WORK INSTRUCTIONS: Copy out exactly the stretch of the listing below that begins at the line containing "is_functor E S" and ends at the line containing "(\<forall>X Y f.", and copy nothing outside it.

┌─ TASK MATERIAL

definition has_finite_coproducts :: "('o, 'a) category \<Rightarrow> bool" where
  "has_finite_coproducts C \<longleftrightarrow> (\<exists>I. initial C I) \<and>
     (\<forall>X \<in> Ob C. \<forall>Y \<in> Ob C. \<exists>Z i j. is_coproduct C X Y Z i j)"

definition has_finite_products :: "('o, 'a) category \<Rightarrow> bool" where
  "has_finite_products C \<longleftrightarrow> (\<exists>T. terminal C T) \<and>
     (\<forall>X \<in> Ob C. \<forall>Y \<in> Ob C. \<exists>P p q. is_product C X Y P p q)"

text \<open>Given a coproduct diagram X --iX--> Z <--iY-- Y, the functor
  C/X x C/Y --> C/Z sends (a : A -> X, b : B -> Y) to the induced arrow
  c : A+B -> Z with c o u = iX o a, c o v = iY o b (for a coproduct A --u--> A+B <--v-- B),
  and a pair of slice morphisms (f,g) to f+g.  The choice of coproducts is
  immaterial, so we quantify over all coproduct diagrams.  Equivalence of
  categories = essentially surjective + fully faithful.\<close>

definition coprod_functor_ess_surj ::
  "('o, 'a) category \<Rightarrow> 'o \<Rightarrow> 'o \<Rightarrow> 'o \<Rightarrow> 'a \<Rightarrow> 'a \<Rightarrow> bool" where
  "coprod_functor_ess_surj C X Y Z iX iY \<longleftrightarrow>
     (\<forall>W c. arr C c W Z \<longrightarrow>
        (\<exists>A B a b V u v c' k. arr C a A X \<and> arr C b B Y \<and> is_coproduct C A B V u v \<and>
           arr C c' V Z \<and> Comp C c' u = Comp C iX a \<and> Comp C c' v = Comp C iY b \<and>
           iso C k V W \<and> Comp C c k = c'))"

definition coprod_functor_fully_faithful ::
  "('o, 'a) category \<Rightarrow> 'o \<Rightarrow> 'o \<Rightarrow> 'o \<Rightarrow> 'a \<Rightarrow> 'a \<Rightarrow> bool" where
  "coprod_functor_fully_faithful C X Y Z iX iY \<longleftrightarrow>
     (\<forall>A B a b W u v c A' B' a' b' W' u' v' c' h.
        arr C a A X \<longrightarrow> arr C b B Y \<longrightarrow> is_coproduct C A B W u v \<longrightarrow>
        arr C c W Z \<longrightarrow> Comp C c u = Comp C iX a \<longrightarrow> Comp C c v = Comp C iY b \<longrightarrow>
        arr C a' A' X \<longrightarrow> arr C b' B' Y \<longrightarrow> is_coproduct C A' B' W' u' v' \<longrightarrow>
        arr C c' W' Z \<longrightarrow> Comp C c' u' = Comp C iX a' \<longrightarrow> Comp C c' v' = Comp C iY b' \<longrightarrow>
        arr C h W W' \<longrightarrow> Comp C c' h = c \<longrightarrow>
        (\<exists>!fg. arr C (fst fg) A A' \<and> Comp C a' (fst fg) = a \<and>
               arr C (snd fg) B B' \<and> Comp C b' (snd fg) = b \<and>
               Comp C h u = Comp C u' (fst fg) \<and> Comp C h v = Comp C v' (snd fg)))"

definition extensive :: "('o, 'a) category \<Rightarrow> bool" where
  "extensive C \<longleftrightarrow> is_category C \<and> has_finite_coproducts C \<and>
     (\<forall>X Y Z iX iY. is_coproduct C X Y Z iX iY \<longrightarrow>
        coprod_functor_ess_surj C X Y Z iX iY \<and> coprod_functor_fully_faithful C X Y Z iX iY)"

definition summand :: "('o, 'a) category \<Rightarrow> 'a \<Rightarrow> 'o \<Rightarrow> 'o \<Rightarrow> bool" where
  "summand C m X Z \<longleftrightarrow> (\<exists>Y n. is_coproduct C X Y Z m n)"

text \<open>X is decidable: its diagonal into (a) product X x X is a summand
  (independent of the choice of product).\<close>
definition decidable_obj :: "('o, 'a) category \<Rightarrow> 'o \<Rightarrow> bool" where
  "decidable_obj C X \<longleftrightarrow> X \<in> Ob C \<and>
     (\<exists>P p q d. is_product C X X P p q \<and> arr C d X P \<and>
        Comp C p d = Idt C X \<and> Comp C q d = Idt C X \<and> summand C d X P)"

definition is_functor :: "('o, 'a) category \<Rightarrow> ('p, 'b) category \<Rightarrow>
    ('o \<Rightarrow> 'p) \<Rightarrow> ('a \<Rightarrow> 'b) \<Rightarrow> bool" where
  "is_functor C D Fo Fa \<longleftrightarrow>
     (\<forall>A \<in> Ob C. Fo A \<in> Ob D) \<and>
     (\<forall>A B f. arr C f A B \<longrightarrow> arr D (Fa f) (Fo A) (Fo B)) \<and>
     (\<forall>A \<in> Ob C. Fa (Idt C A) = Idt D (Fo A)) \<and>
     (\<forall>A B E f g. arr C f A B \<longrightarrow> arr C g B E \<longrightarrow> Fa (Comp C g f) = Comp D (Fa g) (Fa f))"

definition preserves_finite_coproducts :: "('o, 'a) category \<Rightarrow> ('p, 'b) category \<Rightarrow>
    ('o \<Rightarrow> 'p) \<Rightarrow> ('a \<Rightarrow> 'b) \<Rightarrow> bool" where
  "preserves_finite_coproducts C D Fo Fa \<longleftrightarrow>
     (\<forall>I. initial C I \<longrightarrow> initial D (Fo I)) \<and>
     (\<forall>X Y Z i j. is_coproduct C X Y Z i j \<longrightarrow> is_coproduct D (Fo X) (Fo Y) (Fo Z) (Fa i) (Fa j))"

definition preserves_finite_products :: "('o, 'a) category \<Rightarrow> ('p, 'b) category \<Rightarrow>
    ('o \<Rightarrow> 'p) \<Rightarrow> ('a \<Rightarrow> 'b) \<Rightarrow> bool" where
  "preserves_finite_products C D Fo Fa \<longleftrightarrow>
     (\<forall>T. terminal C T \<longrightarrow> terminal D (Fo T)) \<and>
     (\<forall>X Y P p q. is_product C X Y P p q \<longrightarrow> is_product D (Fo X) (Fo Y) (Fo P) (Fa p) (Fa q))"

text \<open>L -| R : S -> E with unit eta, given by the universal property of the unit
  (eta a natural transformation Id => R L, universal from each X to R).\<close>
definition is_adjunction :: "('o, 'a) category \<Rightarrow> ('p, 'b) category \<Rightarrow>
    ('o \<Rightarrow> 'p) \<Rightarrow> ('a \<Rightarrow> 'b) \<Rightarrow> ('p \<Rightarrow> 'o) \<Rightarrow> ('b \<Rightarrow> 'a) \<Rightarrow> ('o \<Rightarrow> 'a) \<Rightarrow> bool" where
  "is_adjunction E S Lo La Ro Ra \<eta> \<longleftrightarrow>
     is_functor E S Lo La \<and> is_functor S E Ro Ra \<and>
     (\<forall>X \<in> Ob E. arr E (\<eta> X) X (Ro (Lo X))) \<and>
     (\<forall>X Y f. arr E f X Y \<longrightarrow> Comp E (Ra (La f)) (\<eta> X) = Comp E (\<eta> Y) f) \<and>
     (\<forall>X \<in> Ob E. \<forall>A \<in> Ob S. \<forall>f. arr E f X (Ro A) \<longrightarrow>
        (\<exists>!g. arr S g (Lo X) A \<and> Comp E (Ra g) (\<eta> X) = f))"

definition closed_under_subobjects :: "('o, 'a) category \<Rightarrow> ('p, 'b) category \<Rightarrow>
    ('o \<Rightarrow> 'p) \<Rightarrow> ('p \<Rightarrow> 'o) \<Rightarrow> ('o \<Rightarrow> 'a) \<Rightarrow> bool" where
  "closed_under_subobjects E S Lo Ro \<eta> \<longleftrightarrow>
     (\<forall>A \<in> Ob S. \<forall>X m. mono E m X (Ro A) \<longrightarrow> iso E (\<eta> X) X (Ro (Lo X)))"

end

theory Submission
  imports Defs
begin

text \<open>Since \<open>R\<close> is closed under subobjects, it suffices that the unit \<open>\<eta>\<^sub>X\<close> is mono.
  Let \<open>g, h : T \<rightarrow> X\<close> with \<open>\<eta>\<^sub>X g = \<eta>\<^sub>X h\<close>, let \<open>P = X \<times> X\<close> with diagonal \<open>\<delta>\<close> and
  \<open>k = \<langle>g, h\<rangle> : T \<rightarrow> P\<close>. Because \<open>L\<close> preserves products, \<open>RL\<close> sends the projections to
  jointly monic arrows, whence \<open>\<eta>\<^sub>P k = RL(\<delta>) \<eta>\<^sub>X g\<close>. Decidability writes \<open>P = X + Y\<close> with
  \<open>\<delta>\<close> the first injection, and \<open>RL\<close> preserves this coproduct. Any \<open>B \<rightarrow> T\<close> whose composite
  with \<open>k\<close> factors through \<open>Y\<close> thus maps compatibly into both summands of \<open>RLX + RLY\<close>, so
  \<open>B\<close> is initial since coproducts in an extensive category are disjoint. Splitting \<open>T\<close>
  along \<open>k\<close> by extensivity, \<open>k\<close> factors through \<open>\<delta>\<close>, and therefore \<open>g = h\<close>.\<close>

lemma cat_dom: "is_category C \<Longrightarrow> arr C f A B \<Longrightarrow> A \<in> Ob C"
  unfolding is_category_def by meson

└─

ANSWER TO THIS TASK:
     is_functor E S Lo La \<and> is_functor S E Ro Ra \<and>
     (\<forall>X \<in> Ob E. arr E (\<eta> X) X (Ro (Lo X))) \<and>
     (\<forall>X Y f. arr E f X Y \<longrightarrow> Comp E (Ra (La f)) (\<eta> X) = Comp E (\<eta> Y) f) \<and>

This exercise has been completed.